● **Problem to solve**:
Write out the data that follows. Keep every character unchanged.
┄┄┄┄┄┄┄┄┄┄
lemma shot_bounded:
  obtains S where "S > 0" "\<And>\<nu> x. \<nu> \<in> {\<nu>1..\<nu>2} \<Longrightarrow> x \<in> {l..R} \<Longrightarrow> \<bar>Y \<nu> x\<bar> \<le> S"
proof -
  obtain Q where Q: "Q \<ge> 0" "\<And>\<nu> t. \<nu> \<in> {\<nu>1..\<nu>2} \<Longrightarrow> t \<in> {l..R} \<Longrightarrow> \<bar>q \<nu> t\<bar> \<le> Q"
    using q_bounded by blast
  define S where "S = exp ((2 + Q) * (R - l))"
  have "\<bar>Y \<nu> x\<bar> \<le> S" if \<nu>: "\<nu> \<in> {\<nu>1..\<nu>2}" and x: "x \<in> {l..R}" for \<nu> x
  proof -
    have "(Y \<nu> x)\<^sup>2 + (Z \<nu> x)\<^sup>2 \<le> ((Y \<nu> l)\<^sup>2 + (Z \<nu> l)\<^sup>2 + 0\<^sup>2) * exp ((2 + Q) * (x - l))"
      by (rule energy_estimate[where a = "q \<nu>" and g = "\<lambda>_. 0"])
        (use x \<nu> Q in \<open>auto intro!: continuous_on_Y continuous_on_Z Y_deriv Z_deriv\<close>)
    also have "\<dots> \<le> S" unfolding S_def shot_ivp using x Q by (auto intro!: mult_left_mono)
    also have "S \<le> S\<^sup>2" unfolding S_def using Q lr by (simp add: power2_eq_square)
    finally have "(Y \<nu> x)\<^sup>2 \<le> S\<^sup>2" by (smt (verit) zero_le_power2)
    then show ?thesis unfolding S_def by (simp add: abs_le_square_iff[symmetric])
  qed
  moreover have "S > 0" by (simp add: S_def)
  ultimately show ?thesis using that by blast
qed

lemma shot_lipschitz:
  obtains L where "L \<ge> 0" "\<And>\<nu> \<mu> x. \<nu> \<in> {\<nu>1..\<nu>2} \<Longrightarrow> \<mu> \<in> {\<nu>1..\<nu>2} \<Longrightarrow> x \<in> {l..R} \<Longrightarrow>
     \<bar>Y \<nu> x - Y \<mu> x\<bar> \<le> L * \<bar>\<nu> - \<mu>\<bar>"
proof -
  obtain Q where Q: "Q \<ge> 0" "\<And>\<nu> t. \<nu> \<in> {\<nu>1..\<nu>2} \<Longrightarrow> t \<in> {l..R} \<Longrightarrow> \<bar>q \<nu> t\<bar> \<le> Q"
    using q_bounded by blast
  obtain S where S: "S > 0" "\<And>\<nu> x. \<nu> \<in> {\<nu>1..\<nu>2} \<Longrightarrow> x \<in> {l..R} \<Longrightarrow> \<bar>Y \<nu> x\<bar> \<le> S"
    using shot_bounded by blast
  define L where "L = S * exp ((2 + Q) * (R - l)) / (2 * \<epsilon>\<^sup>2)"
  have "\<bar>Y \<nu> x - Y \<mu> x\<bar> \<le> L * \<bar>\<nu> - \<mu>\<bar>"
    if \<nu>: "\<nu> \<in> {\<nu>1..\<nu>2}" "\<mu> \<in> {\<nu>1..\<nu>2}" and x: "x \<in> {l..R}" for \<nu> \<mu> x
  proof -
    define c where "c = (\<mu> - \<nu>) / (2 * \<epsilon>\<^sup>2)"
    have "(Y \<nu> x - Y \<mu> x)\<^sup>2 + (Z \<nu> x - Z \<mu> x)\<^sup>2 \<le>
            ((Y \<nu> l - Y \<mu> l)\<^sup>2 + (Z \<nu> l - Z \<mu> l)\<^sup>2 + (\<bar>c\<bar> * S)\<^sup>2) * exp ((2 + Q) * (x - l))"
    proof (rule energy_estimate[where a = "q \<nu>" and g = "\<lambda>t. c * Y \<mu> t"])
      fix t assume t: "l < t" "t < x"
      have "q \<nu> t * Y \<nu> t - q \<mu> t * Y \<mu> t = q \<nu> t * (Y \<nu> t - Y \<mu> t) + (q \<nu> t - q \<mu> t) * Y \<mu> t"
        by (simp add: algebra_simps)
      then show "((\<lambda>t. Z \<nu> t - Z \<mu> t) has_real_derivative q \<nu> t * (Y \<nu> t - Y \<mu> t) + c * Y \<mu> t) (at t)"
        using DERIV_diff[OF Z_deriv[of t \<nu>] Z_deriv[of t \<mu>]] t x unfolding c_def q_diff by simp
      show "\<bar>c * Y \<mu> t\<bar> \<le> \<bar>c\<bar> * S" using S(2)[OF \<nu>(2), of t] t x
        by (auto simp: abs_mult intro!: mult_left_mono)
    qed (use x \<nu> Q in \<open>auto intro!: continuous_intros continuous_on_Y continuous_on_Z
                                  derivative_eq_intros Y_deriv\<close>)
    also have "\<dots> \<le> (c * S * exp ((2 + Q) * (R - l)))\<^sup>2"
    proof -
      have "exp ((2 + Q) * (x - l)) \<le> exp ((2 + Q) * (R - l))" using x Q by (auto intro!: mult_left_mono)
      also have "\<dots> \<le> (exp ((2 + Q) * (R - l)))\<^sup>2" using Q lr by (simp add: power2_eq_square)
      finally show ?thesis unfolding shot_ivp by (simp add: power_mult_distrib mult_left_mono)
    qed
    finally have "(Y \<nu> x - Y \<mu> x)\<^sup>2 \<le> (c * S * exp ((2 + Q) * (R - l)))\<^sup>2"
      by (smt (verit) zero_le_power2)
    then have "\<bar>Y \<nu> x - Y \<mu> x\<bar> \<le> \<bar>c * S * exp ((2 + Q) * (R - l))\<bar>"
      by (simp add: abs_le_square_iff)
    also have "\<dots> = L * \<bar>\<nu> - \<mu>\<bar>"
      using S(1) by (simp add: c_def L_def abs_mult abs_divide abs_minus_commute)
    finally show ?thesis .
  qed
  moreover have "L \<ge> 0" using S(1) by (simp add: L_def)
  ultimately show ?thesis using that by blast
qed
┄┄┄┄┄┄┄┄┄┄
● **Solution to the exercise**:
lemma shot_bounded:
  obtains S where "S > 0" "\<And>\<nu> x. \<nu> \<in> {\<nu>1..\<nu>2} \<Longrightarrow> x \<in> {l..R} \<Longrightarrow> \<bar>Y \<nu> x\<bar> \<le> S"
proof -
  obtain Q where Q: "Q \<ge> 0" "\<And>\<nu> t. \<nu> \<in> {\<nu>1..\<nu>2} \<Longrightarrow> t \<in> {l..R} \<Longrightarrow> \<bar>q \<nu> t\<bar> \<le> Q"
    using q_bounded by blast
  define S where "S = exp ((2 + Q) * (R - l))"
  have "\<bar>Y \<nu> x\<bar> \<le> S" if \<nu>: "\<nu> \<in> {\<nu>1..\<nu>2}" and x: "x \<in> {l..R}" for \<nu> x
  proof -
    have "(Y \<nu> x)\<^sup>2 + (Z \<nu> x)\<^sup>2 \<le> ((Y \<nu> l)\<^sup>2 + (Z \<nu> l)\<^sup>2 + 0\<^sup>2) * exp ((2 + Q) * (x - l))"
      by (rule energy_estimate[where a = "q \<nu>" and g = "\<lambda>_. 0"])
        (use x \<nu> Q in \<open>auto intro!: continuous_on_Y continuous_on_Z Y_deriv Z_deriv\<close>)
    also have "\<dots> \<le> S" unfolding S_def shot_ivp using x Q by (auto intro!: mult_left_mono)
    also have "S \<le> S\<^sup>2" unfolding S_def using Q lr by (simp add: power2_eq_square)
    finally have "(Y \<nu> x)\<^sup>2 \<le> S\<^sup>2" by (smt (verit) zero_le_power2)
    then show ?thesis unfolding S_def by (simp add: abs_le_square_iff[symmetric])
  qed
  moreover have "S > 0" by (simp add: S_def)
  ultimately show ?thesis using that by blast
qed

lemma shot_lipschitz:
  obtains L where "L \<ge> 0" "\<And>\<nu> \<mu> x. \<nu> \<in> {\<nu>1..\<nu>2} \<Longrightarrow> \<mu> \<in> {\<nu>1..\<nu>2} \<Longrightarrow> x \<in> {l..R} \<Longrightarrow>
     \<bar>Y \<nu> x - Y \<mu> x\<bar> \<le> L * \<bar>\<nu> - \<mu>\<bar>"
proof -
  obtain Q where Q: "Q \<ge> 0" "\<And>\<nu> t. \<nu> \<in> {\<nu>1..\<nu>2} \<Longrightarrow> t \<in> {l..R} \<Longrightarrow> \<bar>q \<nu> t\<bar> \<le> Q"
    using q_bounded by blast
  obtain S where S: "S > 0" "\<And>\<nu> x. \<nu> \<in> {\<nu>1..\<nu>2} \<Longrightarrow> x \<in> {l..R} \<Longrightarrow> \<bar>Y \<nu> x\<bar> \<le> S"
    using shot_bounded by blast
  define L where "L = S * exp ((2 + Q) * (R - l)) / (2 * \<epsilon>\<^sup>2)"
  have "\<bar>Y \<nu> x - Y \<mu> x\<bar> \<le> L * \<bar>\<nu> - \<mu>\<bar>"
    if \<nu>: "\<nu> \<in> {\<nu>1..\<nu>2}" "\<mu> \<in> {\<nu>1..\<nu>2}" and x: "x \<in> {l..R}" for \<nu> \<mu> x
  proof -
    define c where "c = (\<mu> - \<nu>) / (2 * \<epsilon>\<^sup>2)"
    have "(Y \<nu> x - Y \<mu> x)\<^sup>2 + (Z \<nu> x - Z \<mu> x)\<^sup>2 \<le>
            ((Y \<nu> l - Y \<mu> l)\<^sup>2 + (Z \<nu> l - Z \<mu> l)\<^sup>2 + (\<bar>c\<bar> * S)\<^sup>2) * exp ((2 + Q) * (x - l))"
    proof (rule energy_estimate[where a = "q \<nu>" and g = "\<lambda>t. c * Y \<mu> t"])
      fix t assume t: "l < t" "t < x"
      have "q \<nu> t * Y \<nu> t - q \<mu> t * Y \<mu> t = q \<nu> t * (Y \<nu> t - Y \<mu> t) + (q \<nu> t - q \<mu> t) * Y \<mu> t"
        by (simp add: algebra_simps)
      then show "((\<lambda>t. Z \<nu> t - Z \<mu> t) has_real_derivative q \<nu> t * (Y \<nu> t - Y \<mu> t) + c * Y \<mu> t) (at t)"
        using DERIV_diff[OF Z_deriv[of t \<nu>] Z_deriv[of t \<mu>]] t x unfolding c_def q_diff by simp
      show "\<bar>c * Y \<mu> t\<bar> \<le> \<bar>c\<bar> * S" using S(2)[OF \<nu>(2), of t] t x
        by (auto simp: abs_mult intro!: mult_left_mono)
    qed (use x \<nu> Q in \<open>auto intro!: continuous_intros continuous_on_Y continuous_on_Z
                                  derivative_eq_intros Y_deriv\<close>)
    also have "\<dots> \<le> (c * S * exp ((2 + Q) * (R - l)))\<^sup>2"
    proof -
      have "exp ((2 + Q) * (x - l)) \<le> exp ((2 + Q) * (R - l))" using x Q by (auto intro!: mult_left_mono)
      also have "\<dots> \<le> (exp ((2 + Q) * (R - l)))\<^sup>2" using Q lr by (simp add: power2_eq_square)
      finally show ?thesis unfolding shot_ivp by (simp add: power_mult_distrib mult_left_mono)
    qed
    finally have "(Y \<nu> x - Y \<mu> x)\<^sup>2 \<le> (c * S * exp ((2 + Q) * (R - l)))\<^sup>2"
      by (smt (verit) zero_le_power2)
    then have "\<bar>Y \<nu> x - Y \<mu> x\<bar> \<le> \<bar>c * S * exp ((2 + Q) * (R - l))\<bar>"
      by (simp add: abs_le_square_iff)
    also have "\<dots> = L * \<bar>\<nu> - \<mu>\<bar>"
      using S(1) by (simp add: c_def L_def abs_mult abs_divide abs_minus_commute)
    finally show ?thesis .
  qed
  moreover have "L \<ge> 0" using S(1) by (simp add: L_def)
  ultimately show ?thesis using that by blast
qed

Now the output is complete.